I believe this should be covered by two vectors: First, by known bits calculation as part of InstCombineSimplifyDemanded. We don't call this for literally everything, but it handles all the cases that are likely to be fully known via known bits (bitwise ops and shifts as root instructions). Second, we have the same known bits optimization as here also as part of SimplifyInstruction. That means we already perform this in all places that use that high-level interface (e.g. it happens during inlining). I do want to get rid of that known bits call as well, but I think it is the reason why the InstCombine fold triggers exactly zero times on test-suite.

http://llvm-compile-time-tracker.com/?config=O3&stat=wall-time
That looks great!
Is that end-to-end time for the entire compile or just 'opt -O3'?

Those are end-to-end times.
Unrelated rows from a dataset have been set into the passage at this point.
(* Let $P$ be a finite ranked poset with unique minimal element and with the non-nesting property, such that $|S(p)|>1$ whenever $p$ has rank greater than $1$. If $Q$ is a finite ranked poset with unique minimal element such that $Q\sim_BP$, then $P_{\ge2}\cong Q_{\ge2}$ as (ranked) posets.
   Context: A ranked poset has a rank function with $|x|=|y|+1$ whenever $x$ covers $y$ and $|x|=0$ iff $x$ is minimal. Its Hasse diagram is the layered graph with layers $P_i=\{p:|p|=i\}$ and an edge $(p,q)$ for each covering relation $p\gtrdot q$; $S(p)$ is the set of elements covered by $p$, and $P_{\ge j}=\bigcup_{i\ge j}P_i$ with the induced order. For a layered graph with vertex set $V=\bigsqcup V_i$, $V_+=\bigsqcup_{i\ge1}V_i$, $B(\Gamma)=T(V_+)/R_B$ over a field $\mathbb F$, where $R_B$ is the two-sided ideal generated by $\{vw: v,w\in V_+,(v,w)\notin E\}\cup\{v\sum_{w\in S(v)}w: v\in V_{\ge2}\}$; it is doubly graded with $v_1\cdots v_m$ in bidegree $(m,\sum|v_i|)$. $B(P)$ means $B$ of the Hasse diagram, and $Q\sim_BP$ means there is a doubly graded algebra isomorphism $B(P)\to B(Q)$. $P$ has the non-nesting property if for any two distinct elements $p,q$ each covering more than one element, $S(p)\not\subseteq S(q)$. *)

theory Defs
  imports Main
begin

definition is_poset :: "'a set \<Rightarrow> ('a \<Rightarrow> 'a \<Rightarrow> bool) \<Rightarrow> bool" where
  "is_poset P le \<longleftrightarrow>
     (\<forall>x\<in>P. le x x) \<and>
     (\<forall>x\<in>P. \<forall>y\<in>P. le x y \<and> le y x \<longrightarrow> x = y) \<and>
     (\<forall>x\<in>P. \<forall>y\<in>P. \<forall>z\<in>P. le x y \<and> le y z \<longrightarrow> le x z)"
section \<open>The multivariate Pareto model\<close>

locale multivariate_pareto = prob_space M
  for M :: "'a measure" and n :: nat and c :: "nat \<Rightarrow> nat \<Rightarrow> real"
    and \<sigma> \<gamma> :: "nat \<Rightarrow> real" and X :: "nat \<Rightarrow> 'a \<Rightarrow> real" +
  assumes c_01: "\<And>i j. i < n \<Longrightarrow> j < n + 1 \<Longrightarrow> c i j \<in> {0, 1}"
    and \<sigma>_pos: "\<And>i. i < n \<Longrightarrow> \<sigma> i > 0"
    and \<gamma>_pos: "\<And>j. j < n + 1 \<Longrightarrow> \<gamma> j > 0"
    and X_measurable: "\<And>i. i < n \<Longrightarrow> X i \<in> borel_measurable M"
    and survival_pos: "\<And>x. (\<forall>i<n. x i > 0) \<Longrightarrow>
           measure M {\<omega> \<in> space M. \<forall>i<n. X i \<omega> > x i}
             = (\<Prod>j<n + 1. (1 + (\<Sum>i<n. c i j / \<sigma> i * x i)) powr (- \<gamma> j))"
begin

definition tail_index :: "nat \<Rightarrow> real" where
  "tail_index i = (\<Sum>j<n + 1. c i j * \<gamma> j)"

lemma survival:
  assumes "\<And>i. i < n \<Longrightarrow> 0 \<le> x i"
  shows "measure M {\<omega> \<in> space M. \<forall>i<n. x i < X i \<omega>}
           = (\<Prod>j<n + 1. (1 + (\<Sum>i<n. c i j / \<sigma> i * x i)) powr - \<gamma> j)"
proof (rule measure_all_less_eq_lim[OF finite_measure_axioms X_measurable])
  show "(\<lambda>m. \<Prod>j<n + 1. (1 + (\<Sum>i<n. c i j / \<sigma> i * (x i + inverse (real (Suc m))))) powr - \<gamma> j)
      \<longlonglongrightarrow> (\<Prod>j<n + 1. (1 + (\<Sum>i<n. c i j / \<sigma> i * x i)) powr - \<gamma> j)"
  proof (intro tendsto_prod tendsto_powr tendsto_const tendsto_add tendsto_sum tendsto_mult)
    show "(\<lambda>m. x i + inverse (real (Suc m))) \<longlonglongrightarrow> x i" for i
      using tendsto_add[OF tendsto_const LIMSEQ_inverse_real_of_nat, of "x i"] by simp
    fix j assume "j \<in> {..<n + 1}"
    then have "0 \<le> (\<Sum>i<n. c i j / \<sigma> i * x i)"
      using c_01 \<sigma>_pos assms by (intro sum_nonneg mult_nonneg_nonneg divide_nonneg_pos) force+
    then show "1 + (\<Sum>i<n. c i j / \<sigma> i * x i) \<noteq> 0"
      by linarith
  qed
qed (simp_all add: survival_pos assms)

lemma AE_X_pos: "AE \<omega> in M. \<forall>i<n. 0 < X i \<omega>"
proof -
  have "\<And>i. i \<in> {..<n} \<Longrightarrow> {\<omega>\<in>space M. 0 < X i \<omega>} \<in> events"
    using X_measurable by measurable
  then have "{\<omega>\<in>space M. \<forall>i\<in>{..<n}. 0 < X i \<omega>} \<in> events"
    by (intro sets.sets_Collect_finite_All) auto
  then have ev: "{\<omega>\<in>space M. \<forall>i<n. 0 < X i \<omega>} \<in> events"
    by (simp only: Ball_def lessThan_iff)
  have "prob {\<omega>\<in>space M. \<forall>i<n. 0 < X i \<omega>} = 1"
    using survival[of "\<lambda>_. 0"] by simp
  then show ?thesis
    using prob_Collect_eq_1[OF ev] by simp
qed

lemma survival_subset:
  assumes I: "I \<subseteq> {..<n}" and x: "\<And>i. i \<in> I \<Longrightarrow> 0 \<le> x i"
  shows "measure M {\<omega>\<in>space M. \<forall>i\<in>I. x i < X i \<omega>}
           = (\<Prod>j<n + 1. (1 + (\<Sum>i\<in>I. c i j / \<sigma> i * x i)) powr - \<gamma> j)"
proof -
  define y where "y i = (if i \<in> I then x i else 0)" for i
  have "{\<omega>\<in>space M. x i < X i \<omega>} \<in> events" if "i \<in> I" for i
  proof -
    have "X i \<in> borel_measurable M"
      using I X_measurable that by auto
    then show ?thesis
      by measurable
  qed
  then have ev_I: "{\<omega>\<in>space M. \<forall>i\<in>I. x i < X i \<omega>} \<in> events"
    using finite_subset[OF I finite_lessThan] by (rule sets.sets_Collect_finite_All)
  have "\<And>i. i \<in> {..<n} \<Longrightarrow> {\<omega>\<in>space M. y i < X i \<omega>} \<in> events"
    using X_measurable by measurable
  then have "{\<omega>\<in>space M. \<forall>i\<in>{..<n}. y i < X i \<omega>} \<in> events"
    by (intro sets.sets_Collect_finite_All) auto
  then have ev_n: "{\<omega>\<in>space M. \<forall>i<n. y i < X i \<omega>} \<in> events"
    by (simp only: Ball_def lessThan_iff)
  have "AE \<omega> in M. (\<forall>i\<in>I. x i < X i \<omega>) \<longleftrightarrow> (\<forall>i<n. y i < X i \<omega>)"
    using AE_X_pos by eventually_elim (use I in \<open>auto simp: y_def subset_iff\<close>)
  then have "prob {\<omega>\<in>space M. \<forall>i\<in>I. x i < X i \<omega>} = prob {\<omega>\<in>space M. \<forall>i<n. y i < X i \<omega>}"
    using ev_I ev_n by (rule prob_eq_AE)
  also have "\<dots> = (\<Prod>j<n + 1. (1 + (\<Sum>i<n. c i j / \<sigma> i * y i)) powr - \<gamma> j)"
    using x by (intro survival) (simp add: y_def)
  also have "\<dots> = (\<Prod>j<n + 1. (1 + (\<Sum>i\<in>I. c i j / \<sigma> i * x i)) powr - \<gamma> j)"
  proof -
    have "(\<Sum>i<n. c i j / \<sigma> i * y i) = (\<Sum>i\<in>I. c i j / \<sigma> i * x i)" for j
    proof -
      have "(\<Sum>i<n. c i j / \<sigma> i * y i) = (\<Sum>i\<in>I. c i j / \<sigma> i * y i)"
        using I by (intro sum.mono_neutral_right) (auto simp: y_def)
      then show ?thesis
        by (simp add: y_def)
    qed
    then show ?thesis
      by simp
  qed
  finally show ?thesis .
qed

lemma lomax_distributed_standardized:
  assumes k: "k < n"
  shows "lomax_distributed M (\<lambda>\<omega>. X k \<omega> / \<sigma> k) (tail_index k)"
  unfolding lomax_distributed_def
proof safe
  show "(\<lambda>\<omega>. X k \<omega> / \<sigma> k) \<in> borel_measurable M"
    using X_measurable[OF k] by measurable
  fix u :: real assume u: "0 \<le> u"
  have "{\<omega>\<in>space M. u < X k \<omega> / \<sigma> k} = {\<omega>\<in>space M. \<forall>i\<in>{k}. u * \<sigma> k < X i \<omega>}"
    using \<sigma>_pos[OF k] by (auto simp: pos_less_divide_eq)
  also have "measure M \<dots> = (\<Prod>j<n + 1. (1 + c k j * u) powr - \<gamma> j)"
    using k u \<sigma>_pos[OF k] by (subst survival_subset) auto
  also have "\<dots> = (1 + u) powr - tail_index k"
    unfolding tail_index_def using k u c_01 by (intro prod_powr_neg_01) auto
  finally show "measure M {\<omega>\<in>space M. u < X k \<omega> / \<sigma> k} = (1 + u) powr - tail_index k" .
qed

lemma joint_survival_standardized:
  assumes kl: "k < n" "l < n" "k \<noteq> l" and uv: "0 \<le> u" "0 \<le> v"
  shows "measure M {\<omega>\<in>space M. u < X k \<omega> / \<sigma> k \<and> v < X l \<omega> / \<sigma> l}
           = (\<Prod>j<n + 1. (1 + c k j * u + c l j * v) powr - \<gamma> j)"
proof -
  define x where "x i = (if i = k then u * \<sigma> k else v * \<sigma> l)" for i
  have "{\<omega>\<in>space M. u < X k \<omega> / \<sigma> k \<and> v < X l \<omega> / \<sigma> l} = {\<omega>\<in>space M. \<forall>i\<in>{k, l}. x i < X i \<omega>}"
    using \<sigma>_pos kl by (auto simp: x_def pos_less_divide_eq)
  also have "measure M \<dots> = (\<Prod>j<n + 1. (1 + (\<Sum>i\<in>{k, l}. c i j / \<sigma> i * x i)) powr - \<gamma> j)"
    using kl uv \<sigma>_pos[OF kl(1)] \<sigma>_pos[OF kl(2)] by (intro survival_subset) (auto simp: x_def)
  also have "\<dots> = (\<Prod>j<n + 1. (1 + c k j * u + c l j * v) powr - \<gamma> j)"
    using kl \<sigma>_pos[OF kl(1)] \<sigma>_pos[OF kl(2)] by (simp add: x_def add.assoc)
  finally show ?thesis .
qed
(* Assume the Composite Assumption (see context), let $\lambda>0$ and $r>\rho_\lambda$. Then for all $x\in\mathcal X$ and $y\in\mathcal Y$, $$\mathrm{dist}\big(0,\partial^\delta_x(F(x,y)+\iota_{\mathcal X}(x))\big)^2\le\|\nabla_zd^\lambda_r(y,x)\|^2,$$ $$\mathrm{dist}\big(0,-\nabla_yF(x,y)+\mathcal N_{\mathcal Y}(y)\big)^2\le2\,\mathrm{dist}\big(0,-\nabla_yF^\lambda(x,y)+\mathcal N_{\mathcal Y}(y)\big)^2+\frac{\lambda^2d_hL_\varphi^2\ell_h^4}2,$$ where $\nabla_zd^\lambda_r(y,x)$ is the gradient of $z\mapsto d^\lambda_r(y,z)$ at $z=x$, and $$\delta=\frac{\rho_\lambda D_{\mathcal X}}r\|\nabla_zd^\lambda_r(y,x)\|+\frac{\ell_\varphi\ell_h\ell_c\sqrt{d_h}}r\|\nabla_zd^\lambda_r(y,x)\|+\Big(\frac{\rho_\lambda}{2r^2}+\frac1r\Big)\|\nabla_zd^\lambda_r(y,x)\|^2+\lambda\ell_\varphi\ell_h^2\sqrt{d_h}.$$
   Context: Let $\mathcal X\subseteq\mathbb R^{d_x}$, $\mathcal Y\subseteq\mathbb R^{d_y}$ be nonempty closed convex sets and $\mathbb P$ a distribution with support $\Xi$. Let $f(x,y;\xi)=\varphi(h(c(x;\xi)),y;\xi)$ with $\varphi:\mathbb R^{d_h}\times\mathbb R^{d_y}\times\Xi\to\mathbb R$, $h=(h_1,\dots,h_{d_h}):\mathbb R^{d_c}\to\mathbb R^{d_h}$, $c:\mathbb R^{d_x}\times\Xi\to\mathbb R^{d_c}$, with $\varphi$ and $c$ differentiable, and $F(x,y)=\mathbb E_{\xi\sim\mathbb P}[f(x,y;\xi)]$. Composite Assumption: (i) $\mathcal X$ compact with diameter $D_{\mathcal X}$; (ii) $\mathcal Y$ compact with diameter $D_{\mathcal Y}$; (iii) each $c(\cdot;\xi)$ is $\ell_c$-Lipschitz; (iv) each $h_j$ is convex and $\ell_h$-Lipschitz; (v) each $\varphi(\cdot,\cdot;\xi)$ is nondecreasing in its first argument and $\ell_\varphi$-Lipschitz; (vi) $\mathbb E\|\nabla_xc(x_1;\xi)-\nabla_xc(x_2;\xi)\|^2\le L_c^2\|x_1-x_2\|^2$; (vii) for all $u_i,y_i,\xi$: $\|\nabla_1\varphi(u_1,y_1;\xi)-\nabla_1\varphi(u_2,y_2;\xi)\|^2\le L_\varphi^2(\|u_1-u_2\|^2+\|y_1-y_2\|^2)$ and the same for $\nabla_y\varphi$. Smoothing: $h^\lambda_j(w)=\min_q\{h_j(q)+\frac1{2\lambda}\|w-q\|^2\}$, $h^\lambda=(h^\lambda_j)_j$, $F^\lambda(x,y)=\mathbb E_{\xi\sim\mathbb P}[\varphi(h^\lambda(c(x;\xi)),y;\xi)]$, $F^\lambda_r(x,y,z)=F^\lambda(x,y)+\frac r2\|x-z\|^2$, $d^\lambda_r(y,z)=\min_{x\in\mathcal X}F^\lambda_r(x,y,z)$. Let $\rho_\lambda=d_hL_\varphi\ell_h^2\ell_c^2+L_c\ell_\varphi\ell_h\sqrt{d_h}$ (the weak convexity modulus of $F(\cdot,y)$ and $F^\lambda(\cdot,y)$). $\iota_{\mathcal X}$ is the $0$–$\infty$ indicator of $\mathcal X$, $\mathcal N_{\mathcal Y}$ the normal cone, and for a function $\Psi$ of $x$, $\partial^\delta\Psi(x)=\{v:\Psi(x')\ge\Psi(x)+v^\top(x'-x)-\frac{\rho_\lambda}2\|x'-x\|^2-\delta\ \ \forall x'\}$. *)

theory Defs
  imports "HOL-Analysis.Analysis" "HOL-Probability.Probability"
begin
(* In the 2-sided error regime, there exists an algorithm that, given a moldgraph with $m$ edges, finds a realized spanning tree with high probability using $O(m\log m)$ queries. Moreover, no algorithm can do better than $\Omega(m\log m)$ queries.
   Context: Problem (graph connectivity with noisy queries): a graph $G=(V,E)$, the moldgraph, with $n$ vertices and $m$ edges is given. An adversary selects an arbitrary connected spanning subgraph $G'$ of $G$ to be realized; its edges are called realized. The algorithm does not observe $G'$, but may query an oracle on any edge $e\in E$ (``Is $e$ realized?''), receiving ``Yes'' or ``No''; each query costs $1$, and answers to distinct queries (including repeated queries of the same edge) are independent random. The goal is to output a spanning tree of $G$ all of whose edges are realized, using as few queries as possible. In the 2-sided error regime, each answer is wrong (``No'' for a realized edge, ``Yes'' for a non-realized edge) with a constant probability $p<1/2$. ``With high probability'' means with probability tending to $1$ as $m\to\infty$. The lower bound is a worst-case statement over moldgraphs and realized subgraphs, for algorithms succeeding with constant failure probability. *)

theory Defs
  imports "HOL-Probability.Probability"
begin

text \<open>Adaptive, possibly randomized query algorithms as finite decision trees.
  Coin q k: internal random coin with bias q (no query cost).\<close>
datatype 'e alg = Output "'e set" | Query 'e "bool \<Rightarrow> 'e alg" | Coin real "bool \<Rightarrow> 'e alg"

primrec depth :: "'e alg \<Rightarrow> nat" where
  "depth (Output T) = 0"
| "depth (Query e k) = Suc (max (depth (k True)) (depth (k False)))"
| "depth (Coin q k) = max (depth (k True)) (depth (k False))"

text \<open>Output distribution in the 2-sided error regime with error probability p,
  realized edge set R: every query (also repeated ones) gets a fresh independent answer,
  which is correct with probability 1 - p.\<close>
primrec run :: "real \<Rightarrow> 'e set \<Rightarrow> 'e alg \<Rightarrow> 'e set pmf" where
  "run p R (Output T) = return_pmf T"
| "run p R (Query e k) =
     bind_pmf (bernoulli_pmf (if e \<in> R then 1 - p else p)) (\<lambda>b. run p R (k b))"
| "run p R (Coin q k) = bind_pmf (bernoulli_pmf q) (\<lambda>b. run p R (k b))"

definition simple_graph :: "nat set \<Rightarrow> nat set set \<Rightarrow> bool" where
  "simple_graph V E \<longleftrightarrow> finite V \<and> (\<forall>e\<in>E. e \<subseteq> V \<and> card e = 2)"

definition adj :: "nat set set \<Rightarrow> (nat \<times> nat) set" where
  "adj F = {(x, y). {x, y} \<in> F}"

definition connects :: "nat set \<Rightarrow> nat set set \<Rightarrow> bool" where
  "connects V F \<longleftrightarrow> (\<forall>u\<in>V. \<forall>v\<in>V. (u, v) \<in> (adj F)\<^sup>*)"

definition acyclic_edges :: "nat set set \<Rightarrow> bool" where
  "acyclic_edges F \<longleftrightarrow> (\<forall>e\<in>F. \<forall>u v. e = {u, v} \<longrightarrow> (u, v) \<notin> (adj (F - {e}))\<^sup>*)"

definition spanning_tree :: "nat set \<Rightarrow> nat set set \<Rightarrow> nat set set \<Rightarrow> bool" where
  "spanning_tree V E T \<longleftrightarrow> T \<subseteq> E \<and> connects V T \<and> acyclic_edges T"

definition realizable :: "nat set \<Rightarrow> nat set set \<Rightarrow> nat set set \<Rightarrow> bool" where
  "realizable V E R \<longleftrightarrow> R \<subseteq> E \<and> connects V R"

definition fail_prob :: "real \<Rightarrow> nat set \<Rightarrow> nat set set \<Rightarrow> nat set set \<Rightarrow> nat set alg \<Rightarrow> real" where
  "fail_prob p V E R t =
     measure_pmf.prob (run p R t) {T. \<not> (spanning_tree V E T \<and> T \<subseteq> R)}"

end

theory Submission
  imports Defs
begin

text \<open>Upper bound: query every edge \<open>\<lceil>ln m / (1/2 - p)\<^sup>2\<rceil>\<close> times and keep the edges with a
  majority of Yes answers. By Hoeffding's inequality each vote errs with probability at most
  \<open>1/m\<^sup>2\<close>, so with probability at least \<open>1 - 1/m\<close> the kept edges are exactly the realized ones,
  and every spanning tree among them is realized.

  Lower bound: glue \<open>k = m div 3\<close> triangles at a common hub. A realization removes one of the two
  hub edges of each triangle; this choice \<open>x \<subseteq> {..<k}\<close> can be read off any realized spanning
  tree. A query concerns a single triangle \<open>i\<close> and changes the likelihood ratio of \<open>x\<close> and
  \<open>x\<close> with \<open>i\<close> flipped by a factor of at most \<open>p / (1 - p)\<close>. Tracking these ratios through the
  decision tree and applying AM-GM at the leaves shows that an algorithm of depth \<open>D\<close> failing
  with probability at most \<open>\<epsilon>\<close> satisfies \<open>k (p / (1 - p))\<^bsup>D/k\<^esup> (1 - \<epsilon>) \<le> \<epsilon>\<close>, whence
  \<open>D = \<Omega>(k log k) = \<Omega>(m log m)\<close>.\<close>

section \<open>Majority votes\<close>

lemma prob_bind_pmf:
  "measure_pmf.prob (bind_pmf M f) A = measure_pmf.expectation M (\<lambda>x. measure_pmf.prob (f x) A)"
  unfolding measure_pmf_bind
  by (rule measure_pmf.measure_bind[where N="count_space UNIV"])
     (auto simp: space_subprob_algebra
       intro!: measure_pmf_in_subprob_space prob_space_imp_subprob_space measure_pmf.prob_space_axioms)

lemma prob_bind_bernoulli:
  "measure_pmf.prob (bind_pmf (bernoulli_pmf q) f) A =
     max 0 (min 1 q) * measure_pmf.prob (f True) A + (1 - max 0 (min 1 q)) * measure_pmf.prob (f False) A"
proof -
  have "bernoulli_pmf q = bernoulli_pmf (max 0 (min 1 q))"
    by (rule pmf_eqI) (simp add: bernoulli_pmf.rep_eq)
  then show ?thesis by (simp add: prob_bind_pmf)
qed

lemma binomial_majority_error:
  fixes p :: real
  assumes "0 \<le> p" "p < 1/2"
  shows "measure_pmf.prob (binomial_pmf k (if b then 1 - p else p)) {j. (k < 2 * j) \<noteq> b}
           \<le> exp (- 2 * real k * (1/2 - p)\<^sup>2)"
proof (cases "k = 0")
  case True
  then show ?thesis by simp
next
  case False
  interpret binomial_distribution k "if b then 1 - p else p"
    using assms by unfold_locales auto
  have k: "0 < k" and margin: "0 \<le> 1/2 - p" using False assms by simp_all
  have "{j. (k < 2 * j) \<noteq> b}
          \<subseteq> (if b then {j. j / k \<le> (1 - p) - (1/2 - p)} else {j. j / k \<ge> p + (1/2 - p)})"
    using False by (auto simp: field_simps)
  then show ?thesis
    using prob_le'[OF k margin] prob_ge'[OF k margin]
    by (cases b) (auto intro: order.trans[OF measure_pmf.finite_measure_mono])
qed

fun query_count :: "'e \<Rightarrow> nat \<Rightarrow> (nat \<Rightarrow> 'e alg) \<Rightarrow> 'e alg" where
  "query_count e 0 f = f 0"
| "query_count e (Suc k) f = Query e (\<lambda>b. query_count e k (\<lambda>j. f ((if b then 1 else 0) + j)))"

lemma depth_query_count: "(\<And>j. depth (f j) \<le> D) \<Longrightarrow> depth (query_count e k f) \<le> k + D"
  by (induction k arbitrary: f) (auto simp: max_def)

lemma run_query_count:
  assumes "0 \<le> p" "p \<le> 1"
  shows "run p R (query_count e k f) =
           bind_pmf (binomial_pmf k (if e \<in> R then 1 - p else p)) (\<lambda>j. run p R (f j))"
proof (induction k arbitrary: f)
  case 0
  then show ?case using assms by (simp add: binomial_pmf_0 bind_return_pmf)
next
  case (Suc k)
  have "(if e \<in> R then 1 - p else p) \<in> {0..1}" using assms by auto
  then show ?case
    by (simp add: Suc binomial_pmf_Suc bind_assoc_pmf bind_return_pmf)
qed

definition majority_query :: "'e \<Rightarrow> nat \<Rightarrow> (bool \<Rightarrow> 'e alg) \<Rightarrow> 'e alg" where
  "majority_query e k f = query_count e k (\<lambda>j. f (k < 2 * j))"

lemma depth_majority_query:
  "depth (majority_query e k f) \<le> k + max (depth (f True)) (depth (f False))"
  unfolding majority_query_def by (rule depth_query_count) (metis (full_types) max.cobounded1 max.cobounded2)

lemma prob_run_majority_query:
  fixes p :: real
  assumes "0 \<le> p" "p < 1/2"
  shows "measure_pmf.prob (run p R (majority_query e k f)) B
           \<le> measure_pmf.prob (run p R (f (e \<in> R))) B + exp (- 2 * real k * (1/2 - p)\<^sup>2)"
proof -
  let ?M = "binomial_pmf k (if e \<in> R then 1 - p else p)"
  let ?wrong = "{j. (k < 2 * j) \<noteq> (e \<in> R)}"
  have q: "(if e \<in> R then 1 - p else p) \<in> {0..1}" using assms by auto
  have "measure_pmf.prob (run p R (majority_query e k f)) B
          = measure_pmf.expectation ?M (\<lambda>j. measure_pmf.prob (run p R (f (k < 2 * j))) B)"
    using assms by (simp add: majority_query_def run_query_count prob_bind_pmf)
  also have "\<dots> \<le> measure_pmf.expectation ?M
                   (\<lambda>j. measure_pmf.prob (run p R (f (e \<in> R))) B + indicator ?wrong j)"
    using q by (intro integral_mono)
      (auto simp: indicator_def intro: add_increasing measure_pmf.prob_le_1)
  also have "\<dots> = measure_pmf.prob (run p R (f (e \<in> R))) B + measure_pmf.prob ?M ?wrong"
    using q by (simp add: Bochner_Integration.integral_add measure_pmf.prob_space)
  also have "\<dots> \<le> measure_pmf.prob (run p R (f (e \<in> R))) B + exp (- 2 * real k * (1/2 - p)\<^sup>2)"
    using binomial_majority_error[OF assms] by simp
  finally show ?thesis .
qed

fun majority_filter :: "nat \<Rightarrow> 'e list \<Rightarrow> ('e set \<Rightarrow> 'e alg) \<Rightarrow> 'e set \<Rightarrow> 'e alg" where
  "majority_filter k [] out S = out S"
| "majority_filter k (e # es) out S =
     majority_query e k (\<lambda>b. majority_filter k es out (if b then insert e S else S))"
Wall time is a bit too noisy to be really useful, so I tend to look at instructions, which is a reasonable proxy, and accurate to within 0.1% for most benchmarks.

test/Analysis/ValueTracking/known-signbit-shift.ll
46 ↗(On Diff #249166)

I missed these Analysis test changes before. The shl here is poison because we know it wraps based on known bits. This optimization gets lost now.

I could add it back explicitly (and better, by returning undef rather than zero) like this: https://gist.github.com/nikic/29135f304f7cf9de6d18dff7ca12659a

I'm not sure whether that's worthwhile though, it seems that these tests are more about not crashing due to conflicting known bits than anything else.

SGTM, but i'll defer to @spatel.

test/Analysis/ValueTracking/known-signbit-shift.ll
46 ↗(On Diff #249166)

This still seems like worthwhile fold.

nikic retitled this revision from [InstCombine] Remove known bits constant folding (WIP) to [InstCombine] Remove known bits constant folding.Mar 20 2020, 4:27 AM
nikic edited the summary of this revision. (Show Details)
nikic set the repository for this revision to rG LLVM Github Monorepo.
nikic marked an inline comment as done.Mar 20 2020, 5:05 AM
nikic added inline comments.
test/Analysis/ValueTracking/known-signbit-shift.ll
46 ↗(On Diff #249166)

I've opened D76489 to address the reason why this difference exists in the first place (SimplifyDemanded produces a less good known bits result). We could still do a better overflow detection on top of that, but at least this removes the gap to what we currently do.

Please update after D76489.
If we're going to defer the removal of ExpensiveCombines to a follow-on NFC patch, add a FIXME note in this patch near its definition to indicate that it is deprecated/useless (just in case the follow-on doesn't happen immediately).

nikic updated this revision to Diff 251694.Mar 20 2020, 10:21 AM

Rebase and add FIXME.

spatel accepted this revision.Mar 20 2020, 10:51 AM

LGTM

This revision is now accepted and ready to land.Mar 20 2020, 10:51 AM
This revision was automatically updated to reflect the committed changes.